#### WHAT IS NEEDED
Take the data below and copy exactly the lines starting at the one with "text \<open>Nodes are" and finishing at the one with "The opinion set is the", both included.

#### PROVIDED RECORDS
(* Assume $|\mathbb O|\ge 2$. The following are equivalent: (1) for every initial state $x(0)\in\mathbb O^n$, the trajectory $x(t)$ of the PID opinion dynamics almost surely converges to a consensus state (all coordinates equal) in finite time; (2) the only non-empty strictly cohesive subset of $\mathcal V$ is $\mathcal V$ itself.
   Context: Let $n\ge 1$, $\mathcal V=\{1,\dots,n\}$, and let $W=(w_{ij})$ be an $n\times n$ row-stochastic matrix (nonnegative entries, each row summing to $1$). The opinion set is a finite set of consecutive integers $\mathbb O=\{k,k+1,\dots,k+s\}$, and $\theta\in\mathbb O$ is a fixed "truth". For $x\in\mathbb O^n$, $i\in\mathcal V$, $z\in\mathbb O$, define $C^i_{\mathrm{social}}(z;x)=\sum_{j=1}^n w_{ij}|z-x_j|$ and $C^i_{\mathrm{cog}}(z)=|z-\theta|$, and $P_i(x)=\{z\in\mathbb O: C^i_{\mathrm{social}}(z;x)\le C^i_{\mathrm{social}}(x_i;x),\ |z-\theta|\le |x_i-\theta|\}$. PID opinion dynamics: starting from $x(0)$, at each time $t+1$ a node $i$ is chosen uniformly at random from $\mathcal V$ and sets $x_i(t+1)$ to an element chosen at random from $P_i(x(t))$, each element having positive probability; all other nodes keep their opinions. A set $\mathcal M\subseteq\mathcal V$ is strictly cohesive if $\sum_{j\in\mathcal M}w_{ij}>\tfrac12$ for every $i\in\mathcal M$. *)

theory Defs
  imports "HOL-Probability.Probability"
begin

text \<open>Nodes are 1..n; a state is a function nat => int (only entries on 1..n matter).
  The opinion set is the integer interval {k..k+s}; W is given as nat => nat => real.\<close>

definition row_stochastic :: "nat \<Rightarrow> (nat \<Rightarrow> nat \<Rightarrow> real) \<Rightarrow> bool" where
  "row_stochastic n W \<longleftrightarrow>
     (\<forall>i\<in>{1..n}. \<forall>j\<in>{1..n}. 0 \<le> W i j) \<and> (\<forall>i\<in>{1..n}. (\<Sum>j\<in>{1..n}. W i j) = 1)"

#### TASK ANSWER
text \<open>Nodes are 1..n; a state is a function nat => int (only entries on 1..n matter).
  The opinion set is the integer interval {k..k+s}; W is given as nat => nat => real.\<close>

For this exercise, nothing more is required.